On Baseball Bats, Heads, and Free Speech

(Content note: rape culture)

So, if you haven’t heard (though I can’t see how you haven’t), a very horrid preacher was shouting “you deserve to be raped” at a bunch of high school students. A 19-year-old woman walked up behind him and whacked him upside the head with an aluminum baseball bat.

This has raised an interesting conversation, as many (myself included) have utterly no sympathy for him, and have, in fact, made fun of him over it. In fact, I commented, and then posted on my Facebook, the following:

To be completely fair, I think we need to ask some important questions…

What was he doing there, at that time of day, just being all provocative, and not even with a chaperone? Things happen when you go out like that. I mean really… he shouldn’t have expected any less.

And what was he wearing, anyways?
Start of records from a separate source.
(* Let $(X,\preceq,\{H_n\})$ be a half-space order and let a group $G$ act on $X$ unboundedly by quasi-automorphisms of defect bounded by $d$. Then there is a nonzero homogeneous quasimorphism $T_{(X,\preceq,\{H_n\})}:G\to\mathbb{R}$ of defect at most $2d$ such that for every $a\in X$ and $g\in G$, $$T_{(X,\preceq,\{H_n\})}(g)=\lim_{n\to\infty}\frac{h(g^na,a)}{n}.$$
   Context: A half-space filtration of $X$ is $\{H_n\}_{n\in\mathbb{Z}}$ with $H_{n+1}\subsetneq H_n$, $\bigcap H_n=\emptyset$, $\bigcup H_n=X$; height $h(a)=\sup\{n: a\in H_n\}$, $h(a,b)=h(a)-h(b)$. A half-space order $(X,\preceq,\{H_n\})$: $(X,\preceq)$ a poset, $\{H_n\}$ a half-space filtration, and for a constant $w$, $h(a,b)\geq w\Rightarrow a\succeq b$. The $G$-action is by quasi-automorphisms of defect bounded by $d$ if $|h(ga,gb)-h(a,b)|\leq d$ for all $g,a,b$; it is unbounded if there exist $g\in G$, $a\in X$ with $h(g^na)\to\pm\infty$ as $n\to\pm\infty$. A homogeneous quasimorphism is $f:G\to\mathbb{R}$ with defect $\sup_{g,k}|f(gk)-f(g)-f(k)|<\infty$ and $f(g^n)=nf(g)$ for $n\in\mathbb{N}$. *)

theory Defs
  imports Complex_Main "HOL-Algebra.Group_Action"
begin

definition half_space_filtration :: "'x set \<Rightarrow> (int \<Rightarrow> 'x set) \<Rightarrow> bool" where
  "half_space_filtration X H \<longleftrightarrow>
     (\<forall>n. H (n + 1) \<subset> H n) \<and> (\<Inter>n. H n) = {} \<and> (\<Union>n. H n) = X"

definition height :: "(int \<Rightarrow> 'x set) \<Rightarrow> 'x \<Rightarrow> int" where
  "height H a = Sup {n. a \<in> H n}"

definition rel_height :: "(int \<Rightarrow> 'x set) \<Rightarrow> 'x \<Rightarrow> 'x \<Rightarrow> int" where
  "rel_height H a b = height H a - height H b"

definition partial_order_on_set :: "'x set \<Rightarrow> ('x \<Rightarrow> 'x \<Rightarrow> bool) \<Rightarrow> bool" where
  "partial_order_on_set X leq \<longleftrightarrow>
     (\<forall>a\<in>X. leq a a) \<and>
     (\<forall>a\<in>X. \<forall>b\<in>X. leq a b \<and> leq b a \<longrightarrow> a = b) \<and>
     (\<forall>a\<in>X. \<forall>b\<in>X. \<forall>c\<in>X. leq a b \<and> leq b c \<longrightarrow> leq a c)"

definition half_space_order :: "'x set \<Rightarrow> ('x \<Rightarrow> 'x \<Rightarrow> bool) \<Rightarrow> (int \<Rightarrow> 'x set) \<Rightarrow> bool" where
  "half_space_order X leq H \<longleftrightarrow>
     partial_order_on_set X leq \<and> half_space_filtration X H \<and>
     (\<exists>w::int. \<forall>a\<in>X. \<forall>b\<in>X. rel_height H a b \<ge> w \<longrightarrow> leq b a)"
theorem proposition6:
  fixes X :: "'a set" and D :: "('a \<times> 'a) set" and u :: "'a \<Rightarrow> real"
    and M :: "'w measure" and W :: "real \<Rightarrow> 'w \<Rightarrow> real"
    and mu :: "'a \<Rightarrow> 'a \<Rightarrow> real" and sg :: real and b :: "real \<Rightarrow> real"
    and p :: "'a \<Rightarrow> 'a \<Rightarrow> real" and F :: "'a \<Rightarrow> 'a \<Rightarrow> real \<Rightarrow> real"
    and x y :: 'a
  assumes "finite X"
    and "D \<subseteq> {(a, c). a \<in> X \<and> c \<in> X \<and> a \<noteq> c}"
    and "D \<noteq> {}"
    and "\<forall>(a, c)\<in>D. (c, a) \<in> D"
    and "DDM_generates D u M W mu sg b p F"
    and "(x, y) \<in> D"
  shows "(u x \<ge> u y \<longrightarrow> q_FSD (p x y / p y x) (F y x) (F x y)) \<and>
         (u x > u y \<longrightarrow> q_SFSD (p x y / p y x) (F y x) (F x y))"
proof -
  have "(y, x) \<in> D" using assms(4,6) by auto
  note pair = DDM_generates_pairD[OF assms(5,6) this]
  interpret ddm_boundary M W b by (rule pair(1))
  have p: "p x y = choice_prob (mu x y) sg" "p y x = choice_prob (- mu x y) sg"
    using pair(5,6) unfolding choice_prob_def by simp_all
  have F: "F x y t = rt_cdf (mu x y) sg t" "F y x t = rt_cdf (- mu x y) sg t" if "t \<ge> 0" for t
    using pair(7,8)[OF that] unfolding rt_cdf_def p by simp_all
  have "F y x t \<le> p x y / p y x * F x y t" if "u y \<le> u x" "t \<ge> 0" for t
    unfolding p F[OF that(2)] using that(1) pair(3) by (intro rt_cdf_neg_drift_le) simp
  moreover have "\<exists>t\<ge>0. F y x t < p x y / p y x * F x y t" if "u y < u x"
  proof -
    have "0 < mu x y" using that pair(4) by simp
    then obtain t where "t \<ge> 0"
      "rt_cdf (- mu x y) sg t < choice_prob (mu x y) sg / choice_prob (- mu x y) sg * rt_cdf (mu x y) sg t"
      using rt_cdf_neg_drift_less pair(2) by blast
    then show ?thesis unfolding p using F by auto
  qed
  ultimately show ?thesis unfolding q_SFSD_def q_FSD_def by auto
qed

end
Did he have on a provocative shirt, showing off too much?

And before you say it, no I’m definitely *not* victim blaming. All I’m saying is that there are ways he could have minimized his risk, and really… shouldn’t he be held responsible at least for his own actions?

Of course, many others have responded about Freezed Peaches, and about how people have the right to say anything, even things that are horrendous (like shouting “you deserve to be raped” in public to a bunch of high school girls). Myself and many others went back and forth about this on the comment thread for the article linked above. And then I finally posted this on Facebook and then in the comments of the article:

Okay so here’s the thing… there’s this idea of “I may disagree with what you say, but I will defend to the death your right to say it.”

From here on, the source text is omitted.